__Task statement__.
From the listing below, copy only the lines from the line that contains "(\<forall>x\<in>K. T (\<lambda>y. f" to the line that contains "K M \<longleftrightarrow>", counting those two lines as part of the copy.

__Data records__.
[Start of section]
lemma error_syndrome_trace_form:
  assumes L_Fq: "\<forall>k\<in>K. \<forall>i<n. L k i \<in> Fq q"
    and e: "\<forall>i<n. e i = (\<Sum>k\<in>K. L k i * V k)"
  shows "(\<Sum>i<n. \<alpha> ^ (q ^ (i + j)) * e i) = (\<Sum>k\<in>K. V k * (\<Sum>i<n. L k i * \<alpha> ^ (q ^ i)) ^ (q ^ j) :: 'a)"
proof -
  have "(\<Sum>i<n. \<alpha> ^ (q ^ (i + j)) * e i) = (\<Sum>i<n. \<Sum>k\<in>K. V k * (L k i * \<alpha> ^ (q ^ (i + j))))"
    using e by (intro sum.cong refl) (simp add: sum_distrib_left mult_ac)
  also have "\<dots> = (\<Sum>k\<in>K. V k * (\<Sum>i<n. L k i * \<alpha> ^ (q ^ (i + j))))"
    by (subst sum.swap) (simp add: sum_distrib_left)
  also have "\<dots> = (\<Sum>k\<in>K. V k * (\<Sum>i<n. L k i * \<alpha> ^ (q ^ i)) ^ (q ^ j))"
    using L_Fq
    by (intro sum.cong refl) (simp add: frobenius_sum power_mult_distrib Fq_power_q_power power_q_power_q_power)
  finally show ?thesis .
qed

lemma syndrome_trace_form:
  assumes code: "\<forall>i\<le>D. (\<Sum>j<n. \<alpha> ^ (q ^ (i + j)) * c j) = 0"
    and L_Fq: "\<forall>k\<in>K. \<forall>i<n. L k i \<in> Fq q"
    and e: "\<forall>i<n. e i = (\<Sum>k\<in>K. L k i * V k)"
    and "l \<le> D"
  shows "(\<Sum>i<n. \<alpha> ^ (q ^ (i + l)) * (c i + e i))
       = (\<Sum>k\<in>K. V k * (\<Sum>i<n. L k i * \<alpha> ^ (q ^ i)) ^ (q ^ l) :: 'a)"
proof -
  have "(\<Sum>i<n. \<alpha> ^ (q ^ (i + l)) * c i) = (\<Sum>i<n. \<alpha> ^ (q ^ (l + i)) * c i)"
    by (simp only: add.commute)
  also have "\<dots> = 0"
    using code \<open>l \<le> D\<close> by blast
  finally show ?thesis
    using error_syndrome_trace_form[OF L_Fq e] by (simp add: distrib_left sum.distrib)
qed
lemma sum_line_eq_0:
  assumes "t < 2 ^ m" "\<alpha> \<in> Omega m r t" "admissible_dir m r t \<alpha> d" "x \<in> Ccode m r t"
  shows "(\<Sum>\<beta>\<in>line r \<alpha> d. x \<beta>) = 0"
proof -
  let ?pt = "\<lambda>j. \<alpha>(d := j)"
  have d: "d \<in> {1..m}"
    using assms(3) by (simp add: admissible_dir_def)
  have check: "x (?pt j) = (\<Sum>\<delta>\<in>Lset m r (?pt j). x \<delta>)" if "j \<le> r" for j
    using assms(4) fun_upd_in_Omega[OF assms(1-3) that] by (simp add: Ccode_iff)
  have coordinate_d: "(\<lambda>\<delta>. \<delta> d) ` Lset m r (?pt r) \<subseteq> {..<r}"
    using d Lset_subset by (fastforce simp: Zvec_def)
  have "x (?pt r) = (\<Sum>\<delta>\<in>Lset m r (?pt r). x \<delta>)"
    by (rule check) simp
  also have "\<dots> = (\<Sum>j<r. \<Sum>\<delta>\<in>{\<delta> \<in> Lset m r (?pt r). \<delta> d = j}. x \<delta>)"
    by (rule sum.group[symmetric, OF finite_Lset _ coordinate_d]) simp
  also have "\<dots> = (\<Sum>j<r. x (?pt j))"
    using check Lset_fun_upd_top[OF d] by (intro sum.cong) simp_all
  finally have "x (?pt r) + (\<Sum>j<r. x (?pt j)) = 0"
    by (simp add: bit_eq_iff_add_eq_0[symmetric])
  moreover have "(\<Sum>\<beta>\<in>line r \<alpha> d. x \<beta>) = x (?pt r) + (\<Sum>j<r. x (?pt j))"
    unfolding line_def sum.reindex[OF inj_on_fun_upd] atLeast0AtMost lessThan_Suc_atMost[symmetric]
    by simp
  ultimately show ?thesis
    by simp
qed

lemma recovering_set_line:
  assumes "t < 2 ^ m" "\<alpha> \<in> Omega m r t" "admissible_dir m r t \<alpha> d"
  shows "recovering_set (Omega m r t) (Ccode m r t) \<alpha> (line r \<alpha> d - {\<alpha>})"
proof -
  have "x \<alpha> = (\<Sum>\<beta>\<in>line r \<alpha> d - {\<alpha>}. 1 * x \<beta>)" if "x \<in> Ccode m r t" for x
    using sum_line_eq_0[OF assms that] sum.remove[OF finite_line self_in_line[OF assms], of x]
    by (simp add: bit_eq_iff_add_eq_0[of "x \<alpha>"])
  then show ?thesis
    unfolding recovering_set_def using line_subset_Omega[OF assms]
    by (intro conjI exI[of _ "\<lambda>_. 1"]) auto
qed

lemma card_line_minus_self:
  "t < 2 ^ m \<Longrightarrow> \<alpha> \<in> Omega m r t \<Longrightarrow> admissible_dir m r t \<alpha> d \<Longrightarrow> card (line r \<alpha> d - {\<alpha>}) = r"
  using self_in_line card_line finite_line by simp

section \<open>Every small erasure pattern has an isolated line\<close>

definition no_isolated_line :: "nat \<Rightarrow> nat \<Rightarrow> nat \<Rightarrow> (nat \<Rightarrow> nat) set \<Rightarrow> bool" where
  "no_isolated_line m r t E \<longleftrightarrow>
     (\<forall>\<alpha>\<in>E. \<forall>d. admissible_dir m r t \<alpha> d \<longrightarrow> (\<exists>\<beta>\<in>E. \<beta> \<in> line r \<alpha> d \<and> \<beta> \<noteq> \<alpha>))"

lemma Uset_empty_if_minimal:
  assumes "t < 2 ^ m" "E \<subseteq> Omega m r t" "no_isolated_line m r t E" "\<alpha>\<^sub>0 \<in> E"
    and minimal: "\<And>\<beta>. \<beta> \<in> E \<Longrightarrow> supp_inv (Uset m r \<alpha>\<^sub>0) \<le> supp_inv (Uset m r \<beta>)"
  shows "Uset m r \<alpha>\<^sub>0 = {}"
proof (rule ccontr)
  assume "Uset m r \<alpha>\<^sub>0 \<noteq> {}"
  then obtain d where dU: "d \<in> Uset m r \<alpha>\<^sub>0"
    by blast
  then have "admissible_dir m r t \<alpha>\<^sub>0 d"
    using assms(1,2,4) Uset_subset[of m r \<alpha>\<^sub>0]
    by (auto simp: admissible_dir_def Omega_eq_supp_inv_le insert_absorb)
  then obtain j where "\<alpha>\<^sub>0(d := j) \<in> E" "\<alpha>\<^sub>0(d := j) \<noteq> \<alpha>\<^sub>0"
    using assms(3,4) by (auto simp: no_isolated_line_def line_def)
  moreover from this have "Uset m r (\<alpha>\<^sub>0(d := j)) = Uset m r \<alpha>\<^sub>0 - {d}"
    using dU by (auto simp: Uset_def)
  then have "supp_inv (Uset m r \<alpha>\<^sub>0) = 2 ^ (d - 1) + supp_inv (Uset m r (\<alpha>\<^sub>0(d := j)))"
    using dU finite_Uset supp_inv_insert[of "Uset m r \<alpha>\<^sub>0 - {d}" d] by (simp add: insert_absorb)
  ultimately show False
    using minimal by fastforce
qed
[End of section]
[Start of section]
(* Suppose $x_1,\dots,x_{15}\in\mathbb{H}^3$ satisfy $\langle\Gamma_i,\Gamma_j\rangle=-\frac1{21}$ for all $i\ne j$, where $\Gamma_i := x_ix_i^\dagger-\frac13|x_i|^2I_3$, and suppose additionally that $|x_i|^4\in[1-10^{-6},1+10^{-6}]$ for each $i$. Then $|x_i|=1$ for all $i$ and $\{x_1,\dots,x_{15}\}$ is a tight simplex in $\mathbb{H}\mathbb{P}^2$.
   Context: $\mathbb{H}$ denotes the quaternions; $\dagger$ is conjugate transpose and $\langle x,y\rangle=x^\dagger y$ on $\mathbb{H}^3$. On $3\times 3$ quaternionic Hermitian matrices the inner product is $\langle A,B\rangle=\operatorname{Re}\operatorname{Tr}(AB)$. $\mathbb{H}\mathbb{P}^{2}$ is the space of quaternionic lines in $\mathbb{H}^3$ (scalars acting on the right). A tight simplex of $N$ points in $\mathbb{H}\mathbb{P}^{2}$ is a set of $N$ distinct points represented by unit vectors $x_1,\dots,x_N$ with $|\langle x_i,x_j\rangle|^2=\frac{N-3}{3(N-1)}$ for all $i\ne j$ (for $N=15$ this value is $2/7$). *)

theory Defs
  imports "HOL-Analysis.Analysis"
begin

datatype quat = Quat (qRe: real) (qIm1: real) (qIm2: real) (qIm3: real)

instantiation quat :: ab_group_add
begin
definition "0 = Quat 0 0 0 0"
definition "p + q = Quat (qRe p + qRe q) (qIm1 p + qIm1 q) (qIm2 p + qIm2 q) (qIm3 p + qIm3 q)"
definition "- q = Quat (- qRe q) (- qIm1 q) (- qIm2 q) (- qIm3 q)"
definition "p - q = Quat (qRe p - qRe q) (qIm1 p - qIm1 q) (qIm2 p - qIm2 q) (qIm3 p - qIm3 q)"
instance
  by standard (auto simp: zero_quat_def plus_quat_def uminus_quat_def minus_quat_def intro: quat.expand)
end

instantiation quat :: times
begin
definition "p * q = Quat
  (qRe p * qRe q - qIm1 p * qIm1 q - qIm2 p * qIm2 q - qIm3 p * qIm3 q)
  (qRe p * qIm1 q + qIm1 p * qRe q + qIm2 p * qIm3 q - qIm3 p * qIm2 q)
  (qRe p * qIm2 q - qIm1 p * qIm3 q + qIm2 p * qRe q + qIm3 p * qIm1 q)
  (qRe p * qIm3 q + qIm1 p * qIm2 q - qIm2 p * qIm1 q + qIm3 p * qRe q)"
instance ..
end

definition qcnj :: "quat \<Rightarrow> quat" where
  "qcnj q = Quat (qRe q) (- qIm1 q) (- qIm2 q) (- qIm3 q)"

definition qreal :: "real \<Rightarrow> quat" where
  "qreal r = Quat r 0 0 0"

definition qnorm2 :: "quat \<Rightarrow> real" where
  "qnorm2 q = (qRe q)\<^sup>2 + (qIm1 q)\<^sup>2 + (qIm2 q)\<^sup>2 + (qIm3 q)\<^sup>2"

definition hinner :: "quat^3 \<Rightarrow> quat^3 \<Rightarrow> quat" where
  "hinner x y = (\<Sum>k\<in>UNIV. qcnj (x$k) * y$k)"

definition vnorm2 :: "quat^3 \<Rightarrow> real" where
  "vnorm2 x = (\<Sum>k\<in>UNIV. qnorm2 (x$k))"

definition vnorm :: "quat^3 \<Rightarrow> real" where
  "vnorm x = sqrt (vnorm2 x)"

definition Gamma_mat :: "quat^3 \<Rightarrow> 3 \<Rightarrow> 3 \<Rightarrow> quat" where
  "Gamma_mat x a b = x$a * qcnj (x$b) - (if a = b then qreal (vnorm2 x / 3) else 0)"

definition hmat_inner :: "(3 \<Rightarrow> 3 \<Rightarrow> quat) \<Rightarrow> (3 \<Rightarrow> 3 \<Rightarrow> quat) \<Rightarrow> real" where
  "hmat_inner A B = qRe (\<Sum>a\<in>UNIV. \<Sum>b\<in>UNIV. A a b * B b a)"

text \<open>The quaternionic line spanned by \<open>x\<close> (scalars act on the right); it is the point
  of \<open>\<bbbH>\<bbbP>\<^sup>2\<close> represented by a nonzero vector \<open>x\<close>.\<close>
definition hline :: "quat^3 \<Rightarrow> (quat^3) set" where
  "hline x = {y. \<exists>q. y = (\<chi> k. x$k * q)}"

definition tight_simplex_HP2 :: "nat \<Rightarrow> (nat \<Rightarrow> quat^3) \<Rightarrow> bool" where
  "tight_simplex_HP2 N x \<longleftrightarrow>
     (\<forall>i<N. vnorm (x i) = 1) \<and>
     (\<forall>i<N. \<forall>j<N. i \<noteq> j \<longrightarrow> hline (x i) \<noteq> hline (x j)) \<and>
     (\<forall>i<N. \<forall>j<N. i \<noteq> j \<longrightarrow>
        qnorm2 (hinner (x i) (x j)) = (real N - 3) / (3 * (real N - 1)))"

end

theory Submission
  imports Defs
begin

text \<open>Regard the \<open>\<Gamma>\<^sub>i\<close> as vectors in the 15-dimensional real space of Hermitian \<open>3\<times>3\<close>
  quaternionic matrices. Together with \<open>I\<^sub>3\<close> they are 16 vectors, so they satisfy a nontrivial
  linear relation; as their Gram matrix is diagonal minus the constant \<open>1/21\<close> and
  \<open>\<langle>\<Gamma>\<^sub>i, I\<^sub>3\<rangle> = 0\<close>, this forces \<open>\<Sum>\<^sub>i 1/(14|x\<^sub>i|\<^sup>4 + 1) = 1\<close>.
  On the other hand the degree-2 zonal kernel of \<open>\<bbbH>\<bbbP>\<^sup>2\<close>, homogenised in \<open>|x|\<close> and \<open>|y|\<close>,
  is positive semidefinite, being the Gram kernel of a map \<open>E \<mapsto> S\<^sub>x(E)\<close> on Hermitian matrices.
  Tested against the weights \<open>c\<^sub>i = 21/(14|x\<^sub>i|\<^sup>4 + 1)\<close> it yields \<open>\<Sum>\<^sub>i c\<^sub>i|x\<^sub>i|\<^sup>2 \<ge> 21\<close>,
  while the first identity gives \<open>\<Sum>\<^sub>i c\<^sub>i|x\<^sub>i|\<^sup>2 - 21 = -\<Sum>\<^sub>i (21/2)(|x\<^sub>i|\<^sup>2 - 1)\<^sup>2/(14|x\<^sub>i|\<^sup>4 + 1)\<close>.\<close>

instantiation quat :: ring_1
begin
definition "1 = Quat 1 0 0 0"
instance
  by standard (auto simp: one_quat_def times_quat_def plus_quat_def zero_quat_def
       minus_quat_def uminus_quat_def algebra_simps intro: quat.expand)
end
[End of section]
[Start of section]
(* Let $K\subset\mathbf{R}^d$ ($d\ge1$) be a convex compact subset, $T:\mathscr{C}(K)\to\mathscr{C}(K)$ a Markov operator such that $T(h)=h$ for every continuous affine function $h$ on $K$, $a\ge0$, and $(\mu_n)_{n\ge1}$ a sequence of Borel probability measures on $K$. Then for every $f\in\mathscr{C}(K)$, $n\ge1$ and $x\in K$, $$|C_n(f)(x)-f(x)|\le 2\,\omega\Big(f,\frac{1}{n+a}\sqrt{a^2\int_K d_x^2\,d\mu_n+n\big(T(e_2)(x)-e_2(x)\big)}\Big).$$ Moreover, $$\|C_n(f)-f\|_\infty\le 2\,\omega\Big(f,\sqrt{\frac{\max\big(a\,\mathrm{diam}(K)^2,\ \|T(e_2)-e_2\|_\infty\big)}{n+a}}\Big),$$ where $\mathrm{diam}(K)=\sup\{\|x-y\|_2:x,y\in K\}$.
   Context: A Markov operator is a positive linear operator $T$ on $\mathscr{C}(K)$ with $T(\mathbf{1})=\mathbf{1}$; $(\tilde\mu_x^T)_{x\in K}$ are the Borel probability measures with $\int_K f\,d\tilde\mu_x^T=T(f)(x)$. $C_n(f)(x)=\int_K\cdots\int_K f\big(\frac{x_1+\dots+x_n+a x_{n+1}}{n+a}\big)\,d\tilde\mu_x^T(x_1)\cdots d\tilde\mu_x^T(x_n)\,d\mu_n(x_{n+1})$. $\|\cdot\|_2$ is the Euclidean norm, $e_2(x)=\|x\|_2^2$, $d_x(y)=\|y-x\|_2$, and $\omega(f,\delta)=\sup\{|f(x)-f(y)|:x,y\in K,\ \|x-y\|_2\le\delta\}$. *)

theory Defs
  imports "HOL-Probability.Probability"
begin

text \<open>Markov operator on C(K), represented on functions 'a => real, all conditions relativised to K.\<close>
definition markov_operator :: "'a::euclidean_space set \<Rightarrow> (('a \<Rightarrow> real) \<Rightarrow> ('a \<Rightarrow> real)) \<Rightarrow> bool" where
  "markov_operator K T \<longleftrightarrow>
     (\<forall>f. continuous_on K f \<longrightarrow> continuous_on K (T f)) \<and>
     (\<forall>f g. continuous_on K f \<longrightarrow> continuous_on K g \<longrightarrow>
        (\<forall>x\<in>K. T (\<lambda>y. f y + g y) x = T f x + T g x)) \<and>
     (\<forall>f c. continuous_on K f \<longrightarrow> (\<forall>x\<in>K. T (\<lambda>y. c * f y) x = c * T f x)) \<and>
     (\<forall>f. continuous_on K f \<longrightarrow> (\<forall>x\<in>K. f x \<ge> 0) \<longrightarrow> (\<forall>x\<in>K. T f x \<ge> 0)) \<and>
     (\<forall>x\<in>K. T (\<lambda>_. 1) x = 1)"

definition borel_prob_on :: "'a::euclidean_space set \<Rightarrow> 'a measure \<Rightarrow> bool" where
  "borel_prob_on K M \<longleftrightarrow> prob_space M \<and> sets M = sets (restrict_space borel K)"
[End of section]
__Result for this task__.
        (\<forall>x\<in>K. T (\<lambda>y. f y + g y) x = T f x + T g x)) \<and>
     (\<forall>f c. continuous_on K f \<longrightarrow> (\<forall>x\<in>K. T (\<lambda>y. c * f y) x = c * T f x)) \<and>
     (\<forall>f. continuous_on K f \<longrightarrow> (\<forall>x\<in>K. f x \<ge> 0) \<longrightarrow> (\<forall>x\<in>K. T f x \<ge> 0)) \<and>
     (\<forall>x\<in>K. T (\<lambda>_. 1) x = 1)"

definition borel_prob_on :: "'a::euclidean_space set \<Rightarrow> 'a measure \<Rightarrow> bool" where
  "borel_prob_on K M \<longleftrightarrow> prob_space M \<and> sets M = sets (restrict_space borel K)"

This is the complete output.